Source data START
lemma not_forcibly_connected_if_isolated:
  assumes r: "realizes E d" and z: "z < length d" "d ! z = 0" and two: "2 \<le> length d"
  shows "\<not> forcibly_connected d"
proof -
  have "cut_edges (length d) {z} E = {}"
    using realizes_card_nbhd[OF r z(1)] z(2) unfolding cut_edges_def nbhd_def by auto
  moreover obtain w where "w < length d" "w \<noteq> z"
    using two by (intro that[of "if z = 0 then 1 else 0"]) auto
  ultimately have "\<not> connected_on (length d) E"
    using not_connected_if_cut_edges_empty[OF realizes_simple_graph[OF r], of "{z}" z w] z by auto
  then show ?thesis using r unfolding forcibly_connected_def by blast
qed

lemma realization_with_empty_cut:
  assumes r0: "realizes E0 d" and n: "n = length d" and A: "A \<subseteq> {..<n}"
    and even: "even (\<Sum>i\<in>A. d ! i)"
    and dmax: "\<forall>i<n. d ! i \<le> D" and dmin: "\<forall>i<n. d ! i \<noteq> 0"
    and cA: "4 * (D + 1) * (D + 1) < card A" and cB: "4 * (D + 1) * (D + 1) < card ({..<n} - A)"
  obtains E where "realizes E d" "cut_edges n A E = {}"
proof -
  obtain E where r: "realizes E d"
      and min: "\<forall>E'. realizes E' d \<longrightarrow> card (cut_edges n A E) \<le> card (cut_edges n A E')"
    using ex_has_least_nat[of "\<lambda>E. realizes E d" E0 "\<lambda>E. card (cut_edges n A E)"] r0 by blast
  have "(\<Sum>i\<in>A. d ! i) = (\<Sum>i\<in>A. card (nbhd n E i))"
    using realizes_card_nbhd[OF r] A n by (intro sum.cong) auto
  then have "even (card (cut_edges n A E))"
    using even_sum_card_nbhd_iff[OF realizes_simple_graph[OF r, folded n] A] even by simp
  moreover have "\<not> card (cut_edges n A E) \<ge> 2"
    using cut_edges_decrease[OF r n A dmax dmin cA cB] min by (meson leD)
  ultimately have "card (cut_edges n A E) = 0" by (auto simp: not_le less_Suc_eq numeral_2_eq_2)
  then show ?thesis using that r finite_cut_edges[OF A] by simp
qed

lemma not_forcibly_connected_if_long:
  assumes g: "graphical d" and dmax: "\<forall>i<length d. d ! i \<le> D"
    and long: "64 * (D + 1) * (D + 1) < length d"
  shows "\<not> forcibly_connected d"
proof -
  define n where "n = length d"
  obtain E0 where r0: "realizes E0 d" using g unfolding graphical_def by blast
  show ?thesis
  proof (cases "\<exists>z<n. d ! z = 0")
    case True
    then show ?thesis
      using not_forcibly_connected_if_isolated[OF r0] long unfolding n_def by auto
  next
    case False
    have "(\<Sum>i<n. d ! i) = (\<Sum>i<n. card (nbhd n E0 i))"
      using realizes_card_nbhd[OF r0] unfolding n_def by simp
    moreover have "cut_edges n {..<n} E0 = {}" unfolding cut_edges_def by auto
    ultimately have "even (\<Sum>i<n. d ! i)"
      using even_sum_card_nbhd_iff[OF realizes_simple_graph[OF r0, folded n_def], of "{..<n}"] by simp
    then obtain A where A: "A \<subseteq> {..<n}" "even (\<Sum>i\<in>A. d ! i)" "n div 2 \<le> card A" "card A \<le> n div 2 + 1"
      by (rule exists_even_sum_half)
    have "card ({..<n} - A) = n - card A"
      using A(1) by (simp add: card_Diff_subset finite_subset)
    then have big: "4 * (D + 1) * (D + 1) < card A" "4 * (D + 1) * (D + 1) < card ({..<n} - A)"
      using long A(3,4) div_mult_mod_eq[of n 2] mod_less_divisor[of 2 n]
        le_add2[of 1 "(D + 1) * D"] unfolding n_def mult.assoc by (simp_all add: algebra_simps)
    obtain E where r: "realizes E d" and cut: "cut_edges n A E = {}"
      using realization_with_empty_cut[OF r0 n_def A(1,2) dmax[folded n_def] _ big] False by auto
    obtain a b where "a \<in> A" "b \<in> {..<n} - A"
      using big by (metis all_not_in_conv card.empty not_less_zero)
    then have "\<not> connected_on n E"
      using not_connected_if_cut_edges_empty[OF realizes_simple_graph[OF r, folded n_def] A(1) _ _ _ cut] by blast
    then show ?thesis using r unfolding forcibly_connected_def n_def by blast
  qed
qed
lemma card_points_of_pi_of_le:
  assumes P: "covered P" and M: "psub 4 M" and piM: "pi_of L P \<subseteq> M"
    and T: "\<And>X. X \<in> T \<Longrightarrow> covered X" "\<And>X. X \<in> T \<Longrightarrow> X \<subseteq> pi_of L P"
      "\<And>X. X \<in> T \<Longrightarrow> X \<noteq> P" "\<And>X. X \<in> T \<Longrightarrow> pi_of L X \<subseteq> M"
  shows "card T \<le> CARD('a) + 1"
proof -
  have sM: "vec.subspace M" "vec.dim M = 5" using M by (simp_all add: psub_def)
  have pi: "vec.subspace (pi_of L P)" "vec.dim (pi_of L P) = 3"
    using pi_of_plane_pencil(1)[OF P] by (simp_all add: psub_def)
  define solid where "solid X = vec.span (pi_of L P \<union> pi_of L X)" for X
  define G where "G = {C. vec.subspace C \<and> pi_of L P \<subseteq> C \<and> C \<subseteq> M
    \<and> vec.dim C = vec.dim (pi_of L P) + 1}"
  have solid_G: "solid ` T \<subseteq> G"
  proof
    fix C assume "C \<in> solid ` T"
    then obtain X where X: "X \<in> T" and C: "C = solid X" by blast
    have "C \<subseteq> M" using piM T(4)[OF X] sM(1) by (simp add: C solid_def vec.span_minimal)
    moreover have "pi_of L P \<subseteq> C"
      unfolding C solid_def by (meson Un_upper1 vec.span_superset subset_trans)
    moreover have "psub 3 C" unfolding C solid_def by (rule psub_span_pi_of[OF P T(1-3)[OF X]])
    ultimately show "C \<in> G" using pi by (simp add: G_def psub_def)
  qed
  have inj: "inj_on solid T"
  proof (rule inj_onI, rule ccontr)
    fix X Y assume "X \<in> T" "Y \<in> T" "solid X = solid Y" "X \<noteq> Y"
    then show False
      using span_pi_of_neq[OF P T(1-3)[OF \<open>X \<in> T\<close>] T(1-3)[OF \<open>Y \<in> T\<close>]] by (simp add: solid_def)
  qed
  have "card T \<le> card G" by (rule card_inj_on_le[OF inj solid_G]) simp
  also have "card G \<le> CARD('a) + 1" unfolding G_def
    by (rule card_intermediate_subspaces_le[OF pi(1) sM(1) piM]) (simp add: pi sM)
  finally show ?thesis .
qed
(* Let $p\in\mathbb{R}^9$ with $\sum_i p(i)=1$, and let $\rho=\sum_{i=1}^9\left[4p(i)-\tfrac13\right]\Pi_i$. Then $\rho$ is a pure state (a rank-one orthogonal projector) if and only if $$\sum_{i=1}^9 p(i)^2=\frac16\quad\text{and}\quad \sum_{i=1}^9 p(i)^3=\frac12\sum_{(i,j,k)\in Q}p(i)p(j)p(k).$$
   Context: Let $\omega=e^{2\pi i/3}$ and let $|0\rangle,|1\rangle,|2\rangle$ be the standard basis of $\mathbb{C}^3$. Define $X|j\rangle=|j+1 \bmod 3\rangle$ and $Z|j\rangle=\omega^j|j\rangle$. Let $|\psi_0\rangle=\frac{1}{\sqrt2}(0,1,-1)^T$. For $m,n\in\{0,1,2\}$ put $i=3m+n+1$ and let $\Pi_i$ be the orthogonal projector onto $X^mZ^n|\psi_0\rangle$ (the canonical Hesse SIC); $\rho$ is the unique trace-one Hermitian operator with $p(i)=\frac13\operatorname{Tr}(\rho\Pi_i)$. Identify the index $i=3m+n+1$ with the point $(m,n)\in\mathbb{Z}_3^2$. The 12 lines of the affine plane $\mathbb{Z}_3^2$ are $\{1,2,3\},\{4,5,6\},\{7,8,9\},\{1,4,7\},\{2,5,8\},\{3,6,9\},\{1,5,9\},\{2,6,7\},\{3,4,8\},\{1,6,8\},\{2,4,9\},\{3,5,7\}$. $Q$ denotes the set of ordered triples $(i,j,k)$ of pairwise distinct indices with $\{i,j,k\}$ one of these lines. *)

theory Defs
  imports "HOL-Analysis.Analysis" "HOL-Library.Numeral_Type"
begin

definition idx3 :: "3 \<Rightarrow> nat" where
  "idx3 a = (if a = 0 then 0 else if a = 1 then 1 else 2)"

definition omega :: complex where
  "omega = cis (2 * pi / 3)"

definition shiftX :: "complex^3^3" where
  "shiftX = (\<chi> a b. if a = b + 1 then 1 else 0)"

definition clockZ :: "complex^3^3" where
  "clockZ = (\<chi> a b. if a = b then omega ^ idx3 a else 0)"

definition mpow :: "complex^3^3 \<Rightarrow> nat \<Rightarrow> complex^3^3" where
  "mpow A k = (((**) A) ^^ k) (mat 1)"

definition psi0 :: "complex^3" where
  "psi0 = (\<chi> a. if a = 0 then 0 else if a = 1 then 1 / sqrt 2 else - 1 / sqrt 2)"

definition conj_transpose :: "complex^3^3 \<Rightarrow> complex^3^3" where
  "conj_transpose A = (\<chi> a b. cnj (A $ b $ a))"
Source data END
Aim of the task >>
Each line above that has the word "False" should be copied.

Output of the task >>
    case False
      using realization_with_empty_cut[OF r0 n_def A(1,2) dmax[folded n_def] _ big] False by auto
    then show False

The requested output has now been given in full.